**WORK TASK**
Copy the data from the line that contains "has_derivative D) (at (y" to its last line, exactly, including both of those lines and leaving out everything before.

**MATERIAL PROVIDED**
# # # #

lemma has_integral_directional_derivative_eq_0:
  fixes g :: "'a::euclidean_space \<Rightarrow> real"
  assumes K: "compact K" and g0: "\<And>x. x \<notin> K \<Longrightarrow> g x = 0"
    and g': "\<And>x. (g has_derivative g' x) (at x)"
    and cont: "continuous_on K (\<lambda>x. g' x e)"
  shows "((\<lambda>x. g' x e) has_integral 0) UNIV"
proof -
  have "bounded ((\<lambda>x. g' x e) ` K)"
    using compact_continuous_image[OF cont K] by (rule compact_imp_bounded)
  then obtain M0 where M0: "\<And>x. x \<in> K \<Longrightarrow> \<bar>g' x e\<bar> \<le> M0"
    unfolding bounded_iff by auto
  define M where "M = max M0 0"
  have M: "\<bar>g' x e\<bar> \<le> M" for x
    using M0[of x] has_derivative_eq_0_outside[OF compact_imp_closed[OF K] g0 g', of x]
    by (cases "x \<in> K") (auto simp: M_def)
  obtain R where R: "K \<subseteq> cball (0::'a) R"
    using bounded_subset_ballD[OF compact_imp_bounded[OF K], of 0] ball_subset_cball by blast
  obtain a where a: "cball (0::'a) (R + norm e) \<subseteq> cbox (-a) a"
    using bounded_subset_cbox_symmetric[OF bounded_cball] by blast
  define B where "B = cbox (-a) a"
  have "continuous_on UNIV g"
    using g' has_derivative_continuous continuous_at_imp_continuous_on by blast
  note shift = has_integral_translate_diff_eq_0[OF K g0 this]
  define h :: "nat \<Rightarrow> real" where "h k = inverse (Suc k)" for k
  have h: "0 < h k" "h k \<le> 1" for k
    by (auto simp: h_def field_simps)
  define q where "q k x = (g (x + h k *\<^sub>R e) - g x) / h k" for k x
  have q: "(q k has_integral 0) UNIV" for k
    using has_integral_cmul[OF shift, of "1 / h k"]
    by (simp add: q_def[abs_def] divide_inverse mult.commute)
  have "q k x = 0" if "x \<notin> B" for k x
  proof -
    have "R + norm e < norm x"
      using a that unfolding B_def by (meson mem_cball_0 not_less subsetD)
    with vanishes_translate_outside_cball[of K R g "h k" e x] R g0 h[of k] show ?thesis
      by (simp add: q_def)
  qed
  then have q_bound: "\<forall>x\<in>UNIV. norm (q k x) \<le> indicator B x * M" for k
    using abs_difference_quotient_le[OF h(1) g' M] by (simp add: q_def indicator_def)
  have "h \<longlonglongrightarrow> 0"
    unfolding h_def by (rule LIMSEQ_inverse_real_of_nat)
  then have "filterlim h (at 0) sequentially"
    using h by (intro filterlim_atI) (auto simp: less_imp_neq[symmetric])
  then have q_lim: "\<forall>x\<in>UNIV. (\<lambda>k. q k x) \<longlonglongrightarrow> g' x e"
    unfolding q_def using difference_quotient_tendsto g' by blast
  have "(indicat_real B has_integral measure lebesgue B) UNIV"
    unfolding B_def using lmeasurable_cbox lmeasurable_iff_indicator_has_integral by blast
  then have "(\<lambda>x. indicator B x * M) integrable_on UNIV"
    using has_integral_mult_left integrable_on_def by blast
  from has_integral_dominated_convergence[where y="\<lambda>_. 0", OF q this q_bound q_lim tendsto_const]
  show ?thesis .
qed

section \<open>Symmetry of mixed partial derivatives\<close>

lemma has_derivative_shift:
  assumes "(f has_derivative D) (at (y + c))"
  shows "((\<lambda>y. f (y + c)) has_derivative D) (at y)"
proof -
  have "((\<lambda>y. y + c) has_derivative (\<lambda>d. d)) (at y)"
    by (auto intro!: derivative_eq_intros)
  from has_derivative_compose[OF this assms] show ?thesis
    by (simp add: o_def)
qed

# # # #

**RESPONSE BELOW**
  assumes "(f has_derivative D) (at (y + c))"
  shows "((\<lambda>y. f (y + c)) has_derivative D) (at y)"
proof -
  have "((\<lambda>y. y + c) has_derivative (\<lambda>d. d)) (at y)"
    by (auto intro!: derivative_eq_intros)
  from has_derivative_compose[OF this assms] show ?thesis
    by (simp add: o_def)
qed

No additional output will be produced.